3 types of thermoreceptors (warm or cold)

Answer 33

“Warm” receptors
* Located deeply in the skin
* Use unmyelinated C fibres

“Cold” receptors
* Located just beneath the epidermis
* Use unmyelinated C fibres and lightly myelinated Aδ fibres

Some thermoreceptors also respond to chemicals (e.g. menthol in mouthwash can feel cold)

Question 34

Perception of pain

Answer 34

Pain receptors = nociceptors (free nerve endings)
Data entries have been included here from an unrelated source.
lemma locally_finite_pinning_function:
  fixes q :: "'i \<Rightarrow> 'a::metric_space" and \<rho> :: "'i \<Rightarrow> real"
  assumes loc_fin: "\<And>p. finite {i. dist p (q i) < 1}" and \<rho>_pos: "\<And>i. 0 < \<rho> i"
  obtains \<epsilon> where "continuous_on UNIV \<epsilon>" "\<And>w. 0 < \<epsilon> w"
    "\<And>i w. 2 * \<epsilon> w \<le> dist w (q i) + \<rho> i"
proof
  \<comment> \<open>Half the distance to the graph of the radii; local finiteness keeps the graph away from height 0.\<close>
  define T where "T = range (\<lambda>i. (q i, \<rho> i))"
  define \<epsilon> where "\<epsilon> w = infdist (w, 0::real) T / 2" for w
  show "continuous_on UNIV \<epsilon>"
    unfolding \<epsilon>_def by (intro continuous_intros) auto
  show "0 < \<epsilon> p" for p
  proof -
    define K where "K = {i. dist p (q i) < 1}"
    define r0 where "r0 = Min (insert 1 (\<rho> ` K))"
    have fin: "finite (insert 1 (\<rho> ` K))" using loc_fin by (simp add: K_def)
    have "0 < r0" unfolding r0_def using fin \<rho>_pos by auto
    have "r0 \<le> dist (p, 0) (q i, \<rho> i)" for i
    proof (cases "i \<in> K")
      case True
      then have "r0 \<le> \<rho> i" unfolding r0_def using fin by simp
      also have "\<dots> \<le> dist (p, 0) (q i, \<rho> i)"
        using dist_snd_le[of "(p, 0::real)" "(q i, \<rho> i)"] \<rho>_pos[of i] by simp
      finally show ?thesis .
    next
      case False
      have "r0 \<le> 1" unfolding r0_def using fin by simp
      also have "\<dots> \<le> dist p (q i)" using False by (simp add: K_def)
      also have "\<dots> \<le> dist (p, 0::real) (q i, \<rho> i)"
        using dist_fst_le[of "(p, 0::real)" "(q i, \<rho> i)"] by simp
      finally show ?thesis .
    qed
    moreover have "T \<noteq> {}" unfolding T_def by blast
    ultimately have "r0 \<le> infdist (p, 0) T"
      unfolding infdist_notempty[OF \<open>T \<noteq> {}\<close>] by (auto simp: T_def intro: cINF_greatest)
    with \<open>0 < r0\<close> show ?thesis unfolding \<epsilon>_def by simp
  qed
  show "2 * \<epsilon> w \<le> dist w (q i) + \<rho> i" for i w
  proof -
    have "infdist (w, 0) T \<le> dist (w, 0::real) (q i, \<rho> i)"
      by (rule infdist_le) (simp add: T_def)
    also have "\<dots> \<le> dist w (q i) + \<bar>\<rho> i\<bar>"
      using sqrt_sum_squares_le_sum_abs[of "dist w (q i)" "dist 0 (\<rho> i)"]
      by (simp add: dist_Pair_Pair)
    finally show ?thesis using \<rho>_pos[of i] unfolding \<epsilon>_def by simp
  qed
qed

lemma continuity_radii:
  assumes "\<And>i. continuous_on UNIV (h i)" and "\<And>i. 0 < e i"
  obtains \<rho> where "\<And>i. 0 < \<rho> i" "\<And>i w. dist w (a i) < \<rho> i \<Longrightarrow> dist (h i w) (h i (a i)) < e i"
proof -
  have "\<exists>r>0. \<forall>w. dist w (a i) < r \<longrightarrow> dist (h i w) (h i (a i)) < e i" for i
    using assms(1)[of i, unfolded continuous_on_iff] assms(2)[of i] by blast
  then have "\<forall>i. \<exists>r. 0 < r \<and> (\<forall>w. dist w (a i) < r \<longrightarrow> dist (h i w) (h i (a i)) < e i)"
    by blast
  from choice[OF this] obtain \<rho>
    where \<rho>: "\<forall>i. 0 < \<rho> i \<and> (\<forall>w. dist w (a i) < \<rho> i \<longrightarrow> dist (h i w) (h i (a i)) < e i)" ..
  show ?thesis
  proof (rule that)
    show "0 < \<rho> i" for i using \<rho> by blast
    show "dist (h i w) (h i (a i)) < e i" if "dist w (a i) < \<rho> i" for i w using \<rho> that by blast
  qed
qed

lemma finite_Collect_case_sum:
  assumes "finite {m. P (u m)}" and "finite {m. P (v m)}"
  shows "finite {i. P (case_sum u v i)}"
proof (rule finite_subset)
  show "{i. P (case_sum u v i)} \<subseteq> Inl ` {m. P (u m)} \<union> Inr ` {m. P (v m)}"
  proof
    fix i assume "i \<in> {i. P (case_sum u v i)}"
    then show "i \<in> Inl ` {m. P (u m)} \<union> Inr ` {m. P (v m)}" by (cases i) auto
  qed
  show "finite (Inl ` {m. P (u m)} \<union> Inr ` {m. P (v m)})" using assms by simp
qed

lemma eq_if_dist_less_inverse_Suc:
  fixes a b :: "'a::metric_space"
  assumes "\<And>m. dist a b < inverse (real (Suc m))"
  shows "a = b"
proof (rule ccontr)
  assume "a \<noteq> b"
  then obtain m where "inverse (real (Suc m)) < dist a b"
    using reals_Archimedean zero_less_dist_iff by blast
  with assms[of m] show False by simp
qed

lemma homeomorphism_UNIV_inv_eq:
  assumes "homeomorphism UNIV UNIV f g"
  shows "inv f = g"
  using assms unfolding homeomorphism_def by (auto intro: inv_equality)

lemma iter_int_homeomorphism:
  assumes "homeomorphism UNIV UNIV f g"
  shows "iter_int f (int m) = f ^^ m" and "iter_int f (- int m) = g ^^ m"
  using homeomorphism_UNIV_inv_eq[OF assms] by (simp_all add: iter_int_def)

definition jump_orbit :: "(R2 \<Rightarrow> R2) \<Rightarrow> (R2 \<Rightarrow> R2) \<Rightarrow> R2 \<Rightarrow> R2 \<Rightarrow> int \<Rightarrow> R2" where
  "jump_orbit f g x y n = (if n \<le> 0 then (g ^^ nat (- n)) x else (f ^^ nat (n - 1)) y)"

lemma pseudo_orbit_jump_orbit:
  assumes hom: "homeomorphism UNIV UNIV f g" and "pos_cont \<delta>"
    and jump: "norm (f x - y) < \<delta> (f x)"
  shows "pseudo_orbit f \<delta> (jump_orbit f g x y)"
  unfolding pseudo_orbit_def
proof
  fix n :: int
  have fg: "f (g w) = w" for w using hom unfolding homeomorphism_def by simp
  consider "n < 0" | "n = 0" | "0 < n" by linarith
  then have "f (jump_orbit f g x y n) = jump_orbit f g x y (n + 1) \<or> n = 0"
  proof cases
    case 1
    then have "nat (- n) = Suc (nat (- (n + 1)))" by simp
    with 1 show ?thesis by (simp add: jump_orbit_def fg)
  next
    case 3
    then have "nat n = Suc (nat (n - 1))" by simp
    with 3 show ?thesis by (simp add: jump_orbit_def)
  qed simp
  then show "norm (f (jump_orbit f g x y n) - jump_orbit f g x y (n + 1)) < \<delta> (f (jump_orbit f g x y n))"
    using \<open>pos_cont \<delta>\<close> jump by (auto simp: pos_cont_def jump_orbit_def)
qed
Pain information conveyed via:
* Lightly myelinated Aδ fibres
* Unmyelinated C fibres

Question 35

Different types of nociceptors

Answer 35

▪ Mechanical nociceptors
* Sensitive to strong pressure (e.g. pinch)

▪ Thermal nociceptors
	* Sensitive to burning heat and extreme cold

▪ Chemical nociceptors
	* e.g. sensitive to histamine

▪ Polymodal nociceptors * Respond to mechanical, thermal and chemical stimuli

Question 36

Why do we itch?

Answer 36

• Allergic reactions, dryness or disease - or random
  
  • Bugs release anticoagulants = triggers histamine
  • Sensation of itch is created by signals related to pain
  • Evolutionary theory - developed a scratching response to avoid bugs/ harmful touch
    Phantom itching when limbs amputated

Question 37

Somatosenses: Somatosensory pathways

Answer 37

Two distinct ascending pathways:

Dorsal column-medial lemniscus pathways

Spinothalamic pathway

Question 38

Dorsal column-medial lemniscus pathways

Answer 38

(mediates touch and movement sensation) (in blue)

Question 39

Spinothalamic pathway

Answer 39

(mediates pain and temperature sensation) (in yellow)

Question 40

Somatosensory cortex

Answer 40

▪ Two main cortical areas – primary (S1) & secondary (S2) somatosensory cortex

▪ Somatotopic representation of the body parts 

▪ Amount of somatosensory cortex not proportionate to body surface

Question 41

Pain perception

Answer 41

▪ Sensory component (perception of pain intensity) involving pathway to S1 and S2

	 ▪ Immediate emotional component (unpleasantness of stimulus) involving pathways including the insular cortex and anterior cingulate cortex 

▪ Long-term emotional component in case of chronic pain involving pathways to the prefrontal cortex

Question 42

Psychological factors influencing pain

Answer 42

Previous experience

Percieved self-efficacy

Attention

Anxiety

Depression

Percieved helplessness

Question 43

Olfaction

Answer 43

How do we smell?

- Molecules from air
- Olfactory epithelium
- Through olfactory epithelium to the brain 40 million different receptor olfactory neurones = can detect different array of smells

Question 44

Anosmia

Answer 44

can’t smell certain / all things

(Taste is related to smell - so if you can’t smell this dulls the flavour)

Question 45

Reading: What can cause hearing loss?

Answer 45

Antibiotics (bcus can damage auditory hair cells)

(Note that the highest frequency sounds are first to be lost)

High frequency hearing los can also be caused by exposure to loud sounds.

Question 46

Reading: Cochlea implants

Answer 46

Cochlear implants are devices that are used to restore hearing in people with deafness caused by damage to the hair cells.